The set of all possible worlds is a confusing subject,
It certainly is. That is why the schema above fascinated me when I made it explicit: although the concepts involved are not rigorously defined, the relationships between them (as expressed in the schema) feel rigorously correct. (ETA: A bit like noticing that elementary particles parallel a precise mathematical structure, but not yet knowing what particles are and why they do that.)
In a matter of speaking, the schema explicitly moves confusion about “what probability is” to “what possible worlds to consider”. This is implicitly done in many problems of probability — which reference class to pick for the outside view, or how to count possible outcomes —, but the schema makes this much clear. (To me, at least; I published this in case it has a similar effect on others.)
it doesn’t seem possible to rigorously define the collection of all possible worlds, for formal preference to talk about
I’m not sure I agree. The schema doesn’t say what collection of universes to use, but I don’t see why you couldn’t just define rigorously one of your choosing and use it. (If I’m missing something here please give me a link.) Note that the one you picked can be “wrong” in some sense, and thus the probabilities you obtain not be helpful, but I don’t see a reason why you can’t do it even if it’s wrong.

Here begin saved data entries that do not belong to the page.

(* Let $u_0\in L^2([0,1])$ satisfy $2e^{\Vert u_0\Vert_{L^2}}\Vert u_0\Vert_{L^2}<1$, and let $u(t,\cdot)=\Phi^t_{\mathcal{B}}(u_0)$ be the solution of the Burgers problem $$\partial_t u=-u\partial_x u+\partial_{xx}u,\quad u(t,0)=u(t,1)=0,\quad u(0,x)=u_0(x).$$ Then for every $t>0$ and every $x\in[0,1]$, $$u(t,x)=\sum_{\nu\in\mathcal{A}} e^{\lambda_\nu t}\,\varphi_\nu(u_0)\,a_\nu(x),$$ where for each fixed $t>0$ the series converges absolutely (so its sum does not depend on the order of summation) and uniformly in $x\in[0,1]$.
   Context: Cole–Hopf transforms: for $u\in L^2([0,1])$, $H(u)(x)=\dfrac{e^{-\frac12\int_0^x u(s)ds}}{\int_0^1 e^{-\frac12\int_0^y u(s)ds}\,dy}$ (so $H(u)>0$ and $\int_0^1H(u)=1$); for $v>0$ with weak derivative in $L^2$ and $\int_0^1 v=1$, $C(v)=-2\,\partial_x v/v$. For $m\ge1$ let $e_m(x)=\sqrt2\cos(m\pi x)$ and $c_m(v)=\int_0^1 v(s)e_m(s)\,ds$. The heat flow with Neumann conditions is $\Phi^t_{\mathcal{C}}(v_0)=1+\sum_{m\ge1}e^{-m^2\pi^2t}c_m(v_0)e_m$ for $\int_0^1 v_0=1$, and the Burgers solution is given through the Cole–Hopf correspondence by $\Phi^t_{\mathcal{B}}(u_0)=C(\Phi^t_{\mathcal{C}}(H(u_0)))$. Define $l_n(u_0)=c_n(H(u_0))$ for $n\ge1$. Index set: $\mathcal{A}$ is the set of finite tuples $\nu=(n_0,n_1,\dots,n_{\alpha(\nu)})$ with $\alpha(\nu)\in\mathbb{N}=\{0,1,2,\dots\}$, $n_0\in\mathbb{N}$ and $n_i\in\mathbb{N}\setminus\{0\}$ for $1\le i\le\alpha(\nu)$. For $\nu\in\mathcal{A}$: $\lambda_\nu=-\pi^2\sum_{k=0}^{\alpha(\nu)}n_k^2$; $a_\nu(x)=(-1)^{\alpha(\nu)}2^{\frac{\alpha(\nu)+3}{2}}n_0\pi\sin(n_0\pi x)\prod_{k=1}^{\alpha(\nu)}\cos(n_k\pi x)$ (empty product $=1$; note $a_\nu\equiv0$ when $n_0=0$); $\varphi_\nu(u_0)=\prod_{k=0}^{\alpha(\nu)}l_{n_k}(u_0)$ (only needed when $n_0\ge1$, since otherwise $a_\nu=0$). *)

theory Defs
  imports "HOL-Analysis.Analysis"
begin
(* Let $G$ be a finite, simple, connected graph and let $e \in E(G)$ be an edge that is not a cut edge of $G$. Then $$\chi_{dd}(G)-1 \leq \chi_{dd}(G-e) \leq \chi_{dd}(G)+2,$$ where $G-e$ is the graph obtained from $G$ by removing the edge $e$ (keeping all vertices).
   Context: All graphs are finite, undirected and simple. For a vertex $w$, $N(w)$ is its open neighborhood and $N[w]=N(w)\cup\{w\}$ its closed neighborhood. A vertex $w$ dominates a set $S$ of vertices if $S \subseteq N[w]$. A domination coloring of a graph $H$ is a proper vertex coloring of $H$ (adjacent vertices receive different colors; a color class is the set of all vertices receiving a given color) such that every vertex of $H$ dominates at least one color class (possibly its own class), and every color class is dominated by at least one vertex of $H$. The domination chromatic number $\chi_{dd}(H)$ is the minimum number of color classes in a domination coloring of $H$. *)

theory Defs
  imports Main
begin

definition simple_graph :: "'a set \<Rightarrow> 'a set set \<Rightarrow> bool" where
  "simple_graph V E \<longleftrightarrow> finite V \<and> (\<forall>e\<in>E. e \<subseteq> V \<and> card e = 2)"

definition closed_nbhd :: "'a set set \<Rightarrow> 'a \<Rightarrow> 'a set" where
  "closed_nbhd E w = insert w {u. {u, w} \<in> E}"

definition reachable :: "'a set set \<Rightarrow> 'a \<Rightarrow> 'a \<Rightarrow> bool" where
  "reachable E u v \<longleftrightarrow> (\<lambda>x y. {x, y} \<in> E)\<^sup>*\<^sup>* u v"

definition connected_graph :: "'a set \<Rightarrow> 'a set set \<Rightarrow> bool" where
  "connected_graph V E \<longleftrightarrow> V \<noteq> {} \<and> (\<forall>u\<in>V. \<forall>v\<in>V. reachable E u v)"

text \<open>A cut edge (bridge): an edge uv whose removal disconnects u from v
  (equivalently, whose removal increases the number of components).\<close>
definition cut_edge :: "'a set set \<Rightarrow> 'a set \<Rightarrow> bool" where
  "cut_edge E e \<longleftrightarrow> e \<in> E \<and> (\<exists>u v. e = {u, v} \<and> \<not> reachable (E - {e}) u v)"

definition color_class :: "'a set \<Rightarrow> ('a \<Rightarrow> nat) \<Rightarrow> nat \<Rightarrow> 'a set" where
  "color_class V c i = {v \<in> V. c v = i}"

definition dom_coloring :: "'a set \<Rightarrow> 'a set set \<Rightarrow> ('a \<Rightarrow> nat) \<Rightarrow> bool" where
  "dom_coloring V E c \<longleftrightarrow>
     (\<forall>u\<in>V. \<forall>v\<in>V. {u, v} \<in> E \<longrightarrow> c u \<noteq> c v) \<and>
     (\<forall>w\<in>V. \<exists>i\<in>c ` V. color_class V c i \<subseteq> closed_nbhd E w) \<and>
     (\<forall>i\<in>c ` V. \<exists>w\<in>V. color_class V c i \<subseteq> closed_nbhd E w)"

definition chi_dd :: "'a set \<Rightarrow> 'a set set \<Rightarrow> nat" where
  "chi_dd V E = (LEAST k. \<exists>c. dom_coloring V E c \<and> card (c ` V) = k)"

end

theory Submission
  imports Defs
begin

text \<open>Let the edge sets \<open>E\<^sub>1\<close> and \<open>E\<^sub>2\<close> on \<open>V\<close> differ only near a vertex set \<open>S\<close>:
  every edge lost lies inside \<open>S\<close> and every edge gained meets \<open>S\<close>. Take an optimal
  domination colouring of \<open>(V, E\<^sub>1)\<close> and give each vertex of \<open>S\<close> its own fresh colour.
  The result is proper for \<open>E\<^sub>2\<close>, since old colour classes shrink to sets avoiding \<open>S\<close>;
  vertices of \<open>S\<close> dominate their singleton classes, the other vertices keep their
  neighbourhoods, and a shrunk class is still dominated by its old dominator.
  Hence \<open>\<chi>\<^sub>d\<^sub>d(V, E\<^sub>2) \<le> \<chi>\<^sub>d\<^sub>d(V, E\<^sub>1) + |S|\<close>. For \<open>e = {x, y}\<close>, deleting \<open>e\<close> is such a
  change with \<open>S = {x, y}\<close> and adding it back is one with \<open>S = {x}\<close>.\<close>

lemma simple_graph_no_loop:
  assumes "simple_graph V E"
  shows "{u} \<notin> E"
proof
  assume "{u} \<in> E"
  then have "card {u} = 2" using assms unfolding simple_graph_def by blast
  then show False by simp
qed

lemma simple_graph_Diff:
  assumes "simple_graph V E"
  shows "simple_graph V (E - F)"
  using assms unfolding simple_graph_def by simp

lemma closed_nbhd_self: "w \<in> closed_nbhd E w"
  unfolding closed_nbhd_def by simp

lemma dom_coloringI:
  assumes "\<And>u v. u \<in> V \<Longrightarrow> v \<in> V \<Longrightarrow> {u, v} \<in> E \<Longrightarrow> c u \<noteq> c v"
    and "\<And>w. w \<in> V \<Longrightarrow> \<exists>i\<in>c ` V. color_class V c i \<subseteq> closed_nbhd E w"
    and "\<And>i. i \<in> c ` V \<Longrightarrow> \<exists>w\<in>V. color_class V c i \<subseteq> closed_nbhd E w"
  shows "dom_coloring V E c"
  using assms unfolding dom_coloring_def by simp

lemma dom_coloring_properD:
  "dom_coloring V E c \<Longrightarrow> u \<in> V \<Longrightarrow> v \<in> V \<Longrightarrow> {u, v} \<in> E \<Longrightarrow> c u \<noteq> c v"
  unfolding dom_coloring_def by simp

lemma dom_coloring_dominatingD:
  "dom_coloring V E c \<Longrightarrow> w \<in> V \<Longrightarrow> \<exists>i\<in>c ` V. color_class V c i \<subseteq> closed_nbhd E w"
  unfolding dom_coloring_def by simp

lemma dom_coloring_dominatedD:
  "dom_coloring V E c \<Longrightarrow> i \<in> c ` V \<Longrightarrow> \<exists>w\<in>V. color_class V c i \<subseteq> closed_nbhd E w"
  unfolding dom_coloring_def by blast

lemma color_class_inj_on:
  assumes "inj_on c V" and "v \<in> V"
  shows "color_class V c (c v) = {v}"
  using assms unfolding color_class_def inj_on_def by auto

lemma dom_coloring_inj_on:
  assumes "simple_graph V E" and inj: "inj_on c V"
  shows "dom_coloring V E c"
proof (rule dom_coloringI)
  fix u v assume uv: "u \<in> V" "v \<in> V" "{u, v} \<in> E"
  show "c u \<noteq> c v"
  proof
    assume "c u = c v"
    then have "u = v" using uv(1,2) by (rule inj_onD[OF inj])
    then show False using uv(3) simple_graph_no_loop[OF assms(1)] by simp
  qed
next
  fix w assume "w \<in> V"
  then show "\<exists>i\<in>c ` V. color_class V c i \<subseteq> closed_nbhd E w"
    using color_class_inj_on[OF inj] closed_nbhd_self by (intro bexI[of _ "c w"]) auto
next
  fix i assume "i \<in> c ` V"
  then obtain v where "v \<in> V" "i = c v" by blast
  then show "\<exists>w\<in>V. color_class V c i \<subseteq> closed_nbhd E w"
    using color_class_inj_on[OF inj] closed_nbhd_self by (intro bexI[of _ v]) auto
qed

lemma chi_dd_le:
  assumes "dom_coloring V E c"
  shows "chi_dd V E \<le> card (c ` V)"
  unfolding chi_dd_def using assms by (intro Least_le) blast

lemma chi_dd_attained:
  assumes "simple_graph V E"
  obtains c where "dom_coloring V E c" and "card (c ` V) = chi_dd V E"
proof -
  have "finite V" using assms unfolding simple_graph_def by simp
  then obtain g :: "'a \<Rightarrow> nat" where "inj_on g V"
    using finite_imp_inj_to_nat_seg by blast
  then have "\<exists>k c. dom_coloring V E c \<and> card (c ` V) = k"
    using dom_coloring_inj_on[OF assms] by blast
  then show ?thesis
    using that LeastI_ex[of "\<lambda>k. \<exists>c. dom_coloring V E c \<and> card (c ` V) = k"]
    unfolding chi_dd_def by blast
qed

lemma fresh_inj_on_nat:
  fixes C :: "nat set"
  assumes "finite S" and "finite C"
  obtains g :: "'a \<Rightarrow> nat" where "inj_on g S" and "g ` S \<inter> C = {}"
proof -
  obtain F where F: "finite F" "card F = card S" "F \<subseteq> - C"
    using infinite_arbitrarily_large[of "- C" "card S"] assms(2) by auto
  then obtain g where "g ` S \<subseteq> F" "inj_on g S"
    using card_le_inj[OF assms(1) F(1)] by auto
  with F(3) show ?thesis using that by blast
qed

locale recoloring =
  fixes V :: "'a set" and E\<^sub>1 E\<^sub>2 :: "'a set set" and S :: "'a set" and c c' :: "'a \<Rightarrow> nat"
  assumes dom_coloring: "dom_coloring V E\<^sub>1 c"
    and simple: "simple_graph V E\<^sub>2"
    and S_subset: "S \<subseteq> V"
    and lost: "\<And>f. f \<in> E\<^sub>1 - E\<^sub>2 \<Longrightarrow> f \<subseteq> S"
    and gained: "\<And>f. f \<in> E\<^sub>2 - E\<^sub>1 \<Longrightarrow> f \<inter> S \<noteq> {}"
    and off: "\<And>v. v \<in> V - S \<Longrightarrow> c' v = c v"
    and inj: "inj_on c' S"
    and fresh: "c' ` S \<inter> c ` V = {}"
begin

lemma color_class_fresh:
  assumes "s \<in> S"
  shows "color_class V c' (c' s) = {s}"
proof -
  have "v = s" if "v \<in> V" "c' v = c' s" for v
  proof (cases "v \<in> S")
    case True
    show ?thesis by (rule inj_onD[OF inj that(2) True \<open>s \<in> S\<close>])
  next
    case False
    then have "c' s = c v" using that off by simp
    then have "c' s \<in> c ` V" using \<open>v \<in> V\<close> by simp
    then show ?thesis using \<open>s \<in> S\<close> fresh by blast
  qed
  then show ?thesis using \<open>s \<in> S\<close> S_subset unfolding color_class_def by blast
qed

lemma color_class_old:
  assumes "i \<in> c ` V"
  shows "color_class V c' i = color_class V c i - S"
proof (rule set_eqI)
  fix v
  have recolored: "v \<notin> S" if "c' v = i"
    using that assms fresh by blast
  show "v \<in> color_class V c' i \<longleftrightarrow> v \<in> color_class V c i - S"
  proof (cases "v \<in> V - S")
    case True
    then show ?thesis using off unfolding color_class_def by simp
  next
    case False
    then show ?thesis using recolored unfolding color_class_def by blast
  qed
qed

lemma closed_nbhd_Diff_subset: "closed_nbhd E\<^sub>1 w - S \<subseteq> closed_nbhd E\<^sub>2 w"
  using lost unfolding closed_nbhd_def by blast

lemma closed_nbhd_subset:
  assumes "w \<notin> S"
  shows "closed_nbhd E\<^sub>1 w \<subseteq> closed_nbhd E\<^sub>2 w"
  using lost assms unfolding closed_nbhd_def by blast

lemma fresh_neq_old:
  assumes "u \<in> S" and "v \<in> V - S"
  shows "c' u \<noteq> c' v"
proof -
  have "c' v = c v" using off assms(2) .
  then have "c' v \<in> c ` V" using assms(2) by blast
  moreover have "c' u \<in> c' ` S" using assms(1) by (rule imageI)
  ultimately show ?thesis using fresh by (metis IntI empty_iff)
qed

lemma proper:
  assumes "u \<in> V" and "v \<in> V" and "{u, v} \<in> E\<^sub>2"
  shows "c' u \<noteq> c' v"
proof -
  have "u \<noteq> v" using assms(3) simple_graph_no_loop[OF simple, of u] by auto
  consider "u \<in> S" "v \<in> S" | "u \<in> S" "v \<notin> S" | "u \<notin> S" "v \<in> S" | "u \<notin> S" "v \<notin> S"
    by blast
  then show ?thesis
  proof cases
    case 1
    then show ?thesis using \<open>u \<noteq> v\<close> inj_onD[OF inj] by blast
  next
    case 2
    then show ?thesis using fresh_neq_old assms(2) by blast
  next
    case 3
    then show ?thesis using fresh_neq_old[of v u] assms(1) by auto
  next
    case 4
    then have "{u, v} \<in> E\<^sub>1" using gained assms(3) by blast
    then have "c u \<noteq> c v" using assms(1,2) dom_coloring_properD[OF dom_coloring] by blast
    then show ?thesis using 4 assms(1,2) off by simp
  qed
qed

lemma dominating:
  assumes "w \<in> V"
  shows "\<exists>i\<in>c' ` V. color_class V c' i \<subseteq> closed_nbhd E\<^sub>2 w"
proof (cases "w \<in> S")
  case True
  then show ?thesis
    using assms color_class_fresh closed_nbhd_self by (intro bexI[of _ "c' w"]) auto
next
  case False
  obtain i where i: "i \<in> c ` V" "color_class V c i \<subseteq> closed_nbhd E\<^sub>2 w"
    using dom_coloring_dominatingD[OF dom_coloring assms] closed_nbhd_subset[OF False] by blast
  show ?thesis
  proof (cases "color_class V c i \<subseteq> S")
    case True
    obtain v where "v \<in> V" "c v = i" using i(1) by blast
    then have "v \<in> S" "v \<in> closed_nbhd E\<^sub>2 w"
      using True i(2) unfolding color_class_def by auto
    then show ?thesis
      using S_subset color_class_fresh by (intro bexI[of _ "c' v"]) auto
  next
    case False
    then obtain v where "v \<in> V - S" "c v = i" unfolding color_class_def by auto
    then have "i \<in> c' ` V" using off by (metis DiffD1 imageI)
    then show ?thesis using i color_class_old by (intro bexI[of _ i]) auto
  qed
qed

lemma dominated:
  assumes "i \<in> c' ` V"
  shows "\<exists>w\<in>V. color_class V c' i \<subseteq> closed_nbhd E\<^sub>2 w"
proof -
  obtain v where v: "v \<in> V" "i = c' v" using assms by blast
  show ?thesis
  proof (cases "v \<in> S")
    case True
    then show ?thesis using v color_class_fresh closed_nbhd_self by (intro bexI[of _ v]) auto
  next
    case False
    then have "i = c v" using v off by simp
    then obtain w where "w \<in> V" "color_class V c i \<subseteq> closed_nbhd E\<^sub>1 w"
      using dom_coloring_dominatedD[OF dom_coloring] v(1) by blast
    then show ?thesis
      using color_class_old[of i] \<open>i = c v\<close> v(1) closed_nbhd_Diff_subset
      by (intro bexI[of _ w]) auto
  qed
qed

lemma dom_coloring_recolored: "dom_coloring V E\<^sub>2 c'"
  using proper dominating dominated by (rule dom_coloringI)

end

lemma chi_dd_local_change_le:
  assumes simple\<^sub>1: "simple_graph V E\<^sub>1" and simple\<^sub>2: "simple_graph V E\<^sub>2" and "S \<subseteq> V"
    and lost: "\<And>f. f \<in> E\<^sub>1 - E\<^sub>2 \<Longrightarrow> f \<subseteq> S"
    and gained: "\<And>f. f \<in> E\<^sub>2 - E\<^sub>1 \<Longrightarrow> f \<inter> S \<noteq> {}"
  shows "chi_dd V E\<^sub>2 \<le> chi_dd V E\<^sub>1 + card S"
proof -
  have "finite V" using simple\<^sub>1 unfolding simple_graph_def by simp
  then have fin: "finite S" "finite (c ` V)" for c :: "'a \<Rightarrow> nat"
    using \<open>S \<subseteq> V\<close> finite_subset by auto
  obtain c where c: "dom_coloring V E\<^sub>1 c" "card (c ` V) = chi_dd V E\<^sub>1"
    using chi_dd_attained[OF simple\<^sub>1] .
  obtain g where g: "inj_on g S" "g ` S \<inter> c ` V = {}"
    using fresh_inj_on_nat[OF fin] .
  define c' where "c' v = (if v \<in> S then g v else c v)" for v
  interpret recoloring V E\<^sub>1 E\<^sub>2 S c c'
  proof (rule recoloring.intro)
    show "inj_on c' S" "c' ` S \<inter> c ` V = {}"
      using g unfolding c'_def by (simp_all add: inj_on_def)
  qed (use c(1) simple\<^sub>2 \<open>S \<subseteq> V\<close> lost gained in \<open>simp_all add: c'_def\<close>)
  have "chi_dd V E\<^sub>2 \<le> card (c' ` V)"
    using dom_coloring_recolored by (rule chi_dd_le)
  also have "\<dots> \<le> card (c ` V \<union> g ` S)"
    using fin by (intro card_mono) (auto simp: c'_def)
  also have "\<dots> \<le> card (c ` V) + card S"
    using card_Un_le[of "c ` V" "g ` S"] card_image_le[OF fin(1), of g] by linarith
  finally show ?thesis using c(2) by simp
qed

theorem theorem2:
  fixes V :: "'a set" and E :: "'a set set" and e :: "'a set"
  assumes "simple_graph V E"
    and "connected_graph V E"
    and "e \<in> E"
    and "\<not> cut_edge E e"
  shows "chi_dd V E \<le> chi_dd V (E - {e}) + 1 \<and> chi_dd V (E - {e}) \<le> chi_dd V E + 2"
proof -
  obtain x y where e: "e = {x, y}" "x \<noteq> y" "x \<in> V" "y \<in> V"
    using assms(1,3) unfolding simple_graph_def by (metis card_2_iff insert_subset)
  have simple_minus: "simple_graph V (E - {e})"
    using simple_graph_Diff[OF assms(1)] .
  have "chi_dd V E \<le> chi_dd V (E - {e}) + card {x}"
    using e assms(3) by (intro chi_dd_local_change_le[OF simple_minus assms(1)]) auto
  moreover have "chi_dd V (E - {e}) \<le> chi_dd V E + card {x, y}"
    using e by (intro chi_dd_local_change_le[OF assms(1) simple_minus]) auto
  ultimately show ?thesis using e(2) by simp
qed

end
lemma avg_dist_minimax_gap:
  fixes S :: "'a::real_normed_vector set"
  assumes "compact S" "S \<noteq> {}" "e > 0"
  obtains m w m' u where "1 \<le> m" "\<forall>j<m. w j \<in> S" "1 \<le> m'" "\<forall>j<m'. u j \<in> S"
    "\<And>x y. x \<in> S \<Longrightarrow> y \<in> S \<Longrightarrow> avg_dist m' u y \<le> avg_dist m w x + e"
proof -
  define \<eta> where "\<eta> = e / 4"
  have "\<eta> > 0" using assms(3) unfolding \<eta>_def by simp
  have "bounded S" using assms(1) by (rule compact_imp_bounded)
  obtain k and z :: "nat \<Rightarrow> 'a" where "k > 0" and z_in: "\<forall>i<k. z i \<in> S"
    and z_net: "\<And>x. x \<in> S \<Longrightarrow> \<exists>i<k. dist x (z i) < \<eta>"
    using compact_finite_net[OF assms(1,2) \<open>\<eta> > 0\<close>] by blast
  have "\<exists>v. game_value {..<k} {..<k} (\<lambda>i j. norm (z i - z j)) v"
    using \<open>k > 0\<close> by (intro minimax_theorem) auto
  then obtain v p q where p: "p \<in> prob_simplex {..<k}" "\<forall>j<k. v \<le> (\<Sum>i<k. p i * norm (z i - z j))"
    and q: "q \<in> prob_simplex {..<k}" "\<forall>i<k. (\<Sum>j<k. q j * norm (z i - z j)) \<le> v"
    unfolding game_value_def Ball_def lessThan_iff by blast
  obtain m w where "1 \<le> m" "\<forall>j<m. w j \<in> S"
    and w: "\<And>x. x \<in> S \<Longrightarrow> \<bar>avg_dist m w x - (\<Sum>i<k. p i * norm (x - z i))\<bar> \<le> \<eta>"
    using avg_dist_approx_mixture[OF \<open>bounded S\<close> \<open>k > 0\<close> z_in p(1) \<open>\<eta> > 0\<close>] by blast
  obtain m' u where "1 \<le> m'" "\<forall>j<m'. u j \<in> S"
    and u: "\<And>y. y \<in> S \<Longrightarrow> \<bar>avg_dist m' u y - (\<Sum>j<k. q j * norm (y - z j))\<bar> \<le> \<eta>"
    using avg_dist_approx_mixture[OF \<open>bounded S\<close> \<open>k > 0\<close> z_in q(1) \<open>\<eta> > 0\<close>] by blast
  have lower: "v - \<eta> \<le> (\<Sum>i<k. p i * norm (x - z i))" if "x \<in> S" for x
  proof -
    obtain i0 where "i0 < k" "dist x (z i0) < \<eta>" using z_net[OF \<open>x \<in> S\<close>] by blast
    then have "v \<le> (\<Sum>i<k. p i * norm (z i - z i0))" using p(2) by blast
    also have "\<dots> = (\<Sum>i<k. p i * norm (z i0 - z i))" by (simp add: norm_minus_commute)
    also have "\<dots> \<le> (\<Sum>i<k. p i * norm (x - z i)) + norm (z i0 - x)"
      using weighted_dist_le_add_norm[OF _ p(1)] by blast
    finally show ?thesis
      using \<open>dist x (z i0) < \<eta>\<close> by (simp add: dist_norm norm_minus_commute)
  qed
  have upper: "(\<Sum>j<k. q j * norm (y - z j)) \<le> v + \<eta>" if "y \<in> S" for y
  proof -
    obtain i1 where "i1 < k" "dist y (z i1) < \<eta>" using z_net[OF \<open>y \<in> S\<close>] by blast
    have "(\<Sum>j<k. q j * norm (y - z j)) \<le> (\<Sum>j<k. q j * norm (z i1 - z j)) + norm (y - z i1)"
      using weighted_dist_le_add_norm[OF _ q(1)] by simp
    also have "\<dots> \<le> v + \<eta>"
      using q(2)[rule_format, OF \<open>i1 < k\<close>] \<open>dist y (z i1) < \<eta>\<close> by (simp add: dist_norm)
    finally show ?thesis .
  qed
  have "avg_dist m' u y \<le> avg_dist m w x + e" if "x \<in> S" "y \<in> S" for x y
    using lower[OF that(1)] upper[OF that(2)] w[OF that(1)] u[OF that(2)]
    unfolding abs_le_iff \<eta>_def by linarith
  with \<open>1 \<le> m\<close> \<open>\<forall>j<m. w j \<in> S\<close> \<open>1 \<le> m'\<close> \<open>\<forall>j<m'. u j \<in> S\<close> show ?thesis
    using that by blast
qed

Interestingly, the schema does theoretically provide a potential way of noticing you picked a bad collection of worlds: If you end up with an empty E (the subset of worlds agreeing with your experiences), then you certainly picked bad.
I’m a bit fuzzy about what it means when your experiences “consistently” happen to be improbable (but never impossible) according to your calculation. In Bayesian terms, you correctly update on every experience, but your predictions keep being wrong. The schema seems correct, so either you picked a bad collection of possible worlds, or you just happen to be in a world that’s just unpredictable (in the sense that even if you pick the best decision procedure possible, you still lose; the world just doesn’t allow you to win). In the latter case it’s unsurprising — you can’t win, so it’s “normal” that you can’t find a winning strategy — but the latter case should allow you to “escape” by finding the correct set of worlds.
is related to the so-called “ontology problem” in FAI, where we need to define preference for Friendly AI based on human preference, while human preference may be defined in terms of incomplete and/or incorrect understanding of the world
Note that I intentionally didn’t mention preferences anywhere in the post. (Actually, I meant to make it explicit that they’re orthogonal to the problem, I just forgot.)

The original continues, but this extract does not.